■ **EXERCISE INSTRUCTIONS**
Nothing may be dropped or added when the entries below are copied.

───── EXERCISE INPUT

lemma positive_definite_matrix_inv:
  fixes P :: "real^'n^'n"
  assumes "transpose P = P" and pos: "\<forall>x. x \<noteq> 0 \<longrightarrow> x \<bullet> (P *v x) > 0"
    and "u \<noteq> 0"
  shows "u \<bullet> (matrix_inv P *v u) > 0"
proof -
  define v where "v = matrix_inv P *v u"
  have u: "u = P *v v"
    unfolding v_def
    by (simp add: matrix_vector_mul_assoc invertible_matrix_inv positive_definite_invertible[OF pos])
  with \<open>u \<noteq> 0\<close> have "v \<noteq> 0" by auto
  with pos have "v \<bullet> (P *v v) > 0" by blast
  then show ?thesis
    unfolding v_def[symmetric] using u by (simp add: inner_commute)
qed

lemma Bmat_symmetric:
  assumes "transpose P = P" "invertible P" "transpose R = R"
  shows "transpose (Bmat P Q R lam) = Bmat P Q R lam"
  using transpose_matrix_inv_symmetric[OF assms(1,2)]
  by (simp add: Bmat_def Let_def transpose_block_mat transpose_uminus transpose_diff
      matrix_transpose_mul assms(3) matrix_mul_assoc)

lemma Bmat_quadratic_form_L_D:
  assumes "x \<in> L_D"
  shows "x \<bullet> (Bmat P Q R lam *v x) = (\<chi> a. x $ Inl a) \<bullet> (matrix_inv P *v (\<chi> a. x $ Inl a))"
proof -
  define u where "u = (\<chi> a. x $ Inl a)"
  have x_Inr: "x $ Inr b = 0" for b
    using assms by (simp add: L_D_def)
  have Bx_Inl: "(Bmat P Q R lam *v x) $ Inl a = (matrix_inv P *v u) $ a" for a
    unfolding Bmat_def Let_def matrix_vector_mult_def
    by (simp add: sum_UNIV_Plus x_Inr u_def block_mat_def)
  show ?thesis
    unfolding u_def[symmetric] by (simp add: inner_vec_def sum_UNIV_Plus x_Inr Bx_Inl u_def)
qed

lemma L_D_eq_0:
  assumes "x \<in> L_D" "(\<chi> a. x $ Inl a) = 0"
  shows "x = 0"
proof -
  have "x $ i = 0" for i
    using assms by (cases i) (auto simp: L_D_def vec_eq_iff)
  then show ?thesis by (simp add: vec_eq_iff)
qed

lemma spec_subspace_Jmat_Bmat_inter_L_D:
  fixes P Q R :: "real^'n::finite^'n"
  assumes P_sym: "transpose P = P"
    and P_pos: "\<forall>x. x \<noteq> 0 \<longrightarrow> x \<bullet> (P *v x) > 0"
    and R_sym: "transpose R = R"
    and no_opposite: "\<And>\<mu> \<nu>. S \<mu> \<Longrightarrow> S \<nu> \<Longrightarrow> \<mu> + \<nu> \<noteq> 0"
  shows "spec_subspace S (Jmat ** Bmat P Q R lam) \<inter> L_D = {0}"
proof -
  have skew: "transpose (Jmat ** Bmat P Q R lam) ** Bmat P Q R lam
      = - (Bmat P Q R lam ** (Jmat ** Bmat P Q R lam))"
    using Jmat_mult_skew Bmat_symmetric P_sym positive_definite_invertible[OF P_pos] R_sym
    by blast
  have "x = 0" if "x \<in> spec_subspace S (Jmat ** Bmat P Q R lam)" "x \<in> L_D" for x
  proof -
    have "x \<bullet> (Bmat P Q R lam *v x) = 0"
      using spec_subspace_isotropic[OF skew no_opposite that(1)] .
    then have "(\<chi> a. x $ Inl a) = 0"
      using positive_definite_matrix_inv[OF P_sym P_pos] Bmat_quadratic_form_L_D[OF that(2)]
      by (metis less_irrefl)
    with L_D_eq_0 that(2) show ?thesis by blast
  qed
  moreover have "0 \<in> L_D" by (simp add: L_D_def)
  ultimately show ?thesis using zero_in_spec_subspace by blast
qed

theorem lemma4p1:
  fixes P Q R :: "real^'n::finite^'n"
  assumes "transpose P = P"
    and "\<forall>x. x \<noteq> 0 \<longrightarrow> x \<bullet> (P *v x) > 0"
    and "transpose R = R"
    and "hyperbolic (Jmat ** Bmat P Q R 0)"
    and "lam \<ge> 0"
  shows "Vplus (Jmat ** Bmat P Q R lam) \<inter> L_D = {0}
       \<and> Vminus (Jmat ** Bmat P Q R lam) \<inter> L_D = {0}"
proof -
  have "\<mu> + \<nu> \<noteq> 0" if "Re \<mu> > 0" "Re \<nu> > 0" for \<mu> \<nu> :: complex
    using that by (auto simp: complex_eq_iff)
  then have "Vplus (Jmat ** Bmat P Q R lam) \<inter> L_D = {0}"
    unfolding Vplus_def by (rule spec_subspace_Jmat_Bmat_inter_L_D[OF assms(1-3)])
  moreover have "\<mu> + \<nu> \<noteq> 0" if "Re \<mu> < 0" "Re \<nu> < 0" for \<mu> \<nu> :: complex
    using that by (auto simp: complex_eq_iff)
  then have "Vminus (Jmat ** Bmat P Q R lam) \<inter> L_D = {0}"
    unfolding Vminus_def by (rule spec_subspace_Jmat_Bmat_inter_L_D[OF assms(1-3)])
  ultimately show ?thesis ..
qed

end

──────────

■ **SOLUTION BELOW**
lemma positive_definite_matrix_inv:
  fixes P :: "real^'n^'n"
  assumes "transpose P = P" and pos: "\<forall>x. x \<noteq> 0 \<longrightarrow> x \<bullet> (P *v x) > 0"
    and "u \<noteq> 0"
  shows "u \<bullet> (matrix_inv P *v u) > 0"
proof -
  define v where "v = matrix_inv P *v u"
  have u: "u = P *v v"
    unfolding v_def
    by (simp add: matrix_vector_mul_assoc invertible_matrix_inv positive_definite_invertible[OF pos])
  with \<open>u \<noteq> 0\<close> have "v \<noteq> 0" by auto
  with pos have "v \<bullet> (P *v v) > 0" by blast
  then show ?thesis
    unfolding v_def[symmetric] using u by (simp add: inner_commute)
qed

lemma Bmat_symmetric:
  assumes "transpose P = P" "invertible P" "transpose R = R"
  shows "transpose (Bmat P Q R lam) = Bmat P Q R lam"
  using transpose_matrix_inv_symmetric[OF assms(1,2)]
  by (simp add: Bmat_def Let_def transpose_block_mat transpose_uminus transpose_diff
      matrix_transpose_mul assms(3) matrix_mul_assoc)

lemma Bmat_quadratic_form_L_D:
  assumes "x \<in> L_D"
  shows "x \<bullet> (Bmat P Q R lam *v x) = (\<chi> a. x $ Inl a) \<bullet> (matrix_inv P *v (\<chi> a. x $ Inl a))"
proof -
  define u where "u = (\<chi> a. x $ Inl a)"
  have x_Inr: "x $ Inr b = 0" for b
    using assms by (simp add: L_D_def)
  have Bx_Inl: "(Bmat P Q R lam *v x) $ Inl a = (matrix_inv P *v u) $ a" for a
    unfolding Bmat_def Let_def matrix_vector_mult_def
    by (simp add: sum_UNIV_Plus x_Inr u_def block_mat_def)
  show ?thesis
    unfolding u_def[symmetric] by (simp add: inner_vec_def sum_UNIV_Plus x_Inr Bx_Inl u_def)
qed

lemma L_D_eq_0:
  assumes "x \<in> L_D" "(\<chi> a. x $ Inl a) = 0"
  shows "x = 0"
proof -
  have "x $ i = 0" for i
    using assms by (cases i) (auto simp: L_D_def vec_eq_iff)
  then show ?thesis by (simp add: vec_eq_iff)
qed

lemma spec_subspace_Jmat_Bmat_inter_L_D:
  fixes P Q R :: "real^'n::finite^'n"
  assumes P_sym: "transpose P = P"
    and P_pos: "\<forall>x. x \<noteq> 0 \<longrightarrow> x \<bullet> (P *v x) > 0"
    and R_sym: "transpose R = R"
    and no_opposite: "\<And>\<mu> \<nu>. S \<mu> \<Longrightarrow> S \<nu> \<Longrightarrow> \<mu> + \<nu> \<noteq> 0"
  shows "spec_subspace S (Jmat ** Bmat P Q R lam) \<inter> L_D = {0}"
proof -
  have skew: "transpose (Jmat ** Bmat P Q R lam) ** Bmat P Q R lam
      = - (Bmat P Q R lam ** (Jmat ** Bmat P Q R lam))"
    using Jmat_mult_skew Bmat_symmetric P_sym positive_definite_invertible[OF P_pos] R_sym
    by blast
  have "x = 0" if "x \<in> spec_subspace S (Jmat ** Bmat P Q R lam)" "x \<in> L_D" for x
  proof -
    have "x \<bullet> (Bmat P Q R lam *v x) = 0"
      using spec_subspace_isotropic[OF skew no_opposite that(1)] .
    then have "(\<chi> a. x $ Inl a) = 0"
      using positive_definite_matrix_inv[OF P_sym P_pos] Bmat_quadratic_form_L_D[OF that(2)]
      by (metis less_irrefl)
    with L_D_eq_0 that(2) show ?thesis by blast
  qed
  moreover have "0 \<in> L_D" by (simp add: L_D_def)
  ultimately show ?thesis using zero_in_spec_subspace by blast
qed

theorem lemma4p1:
  fixes P Q R :: "real^'n::finite^'n"
  assumes "transpose P = P"
    and "\<forall>x. x \<noteq> 0 \<longrightarrow> x \<bullet> (P *v x) > 0"
    and "transpose R = R"
    and "hyperbolic (Jmat ** Bmat P Q R 0)"
    and "lam \<ge> 0"
  shows "Vplus (Jmat ** Bmat P Q R lam) \<inter> L_D = {0}
       \<and> Vminus (Jmat ** Bmat P Q R lam) \<inter> L_D = {0}"
proof -
  have "\<mu> + \<nu> \<noteq> 0" if "Re \<mu> > 0" "Re \<nu> > 0" for \<mu> \<nu> :: complex
    using that by (auto simp: complex_eq_iff)
  then have "Vplus (Jmat ** Bmat P Q R lam) \<inter> L_D = {0}"
    unfolding Vplus_def by (rule spec_subspace_Jmat_Bmat_inter_L_D[OF assms(1-3)])
  moreover have "\<mu> + \<nu> \<noteq> 0" if "Re \<mu> < 0" "Re \<nu> < 0" for \<mu> \<nu> :: complex
    using that by (auto simp: complex_eq_iff)
  then have "Vminus (Jmat ** Bmat P Q R lam) \<inter> L_D = {0}"
    unfolding Vminus_def by (rule spec_subspace_Jmat_Bmat_inter_L_D[OF assms(1-3)])
  ultimately show ?thesis ..
qed

end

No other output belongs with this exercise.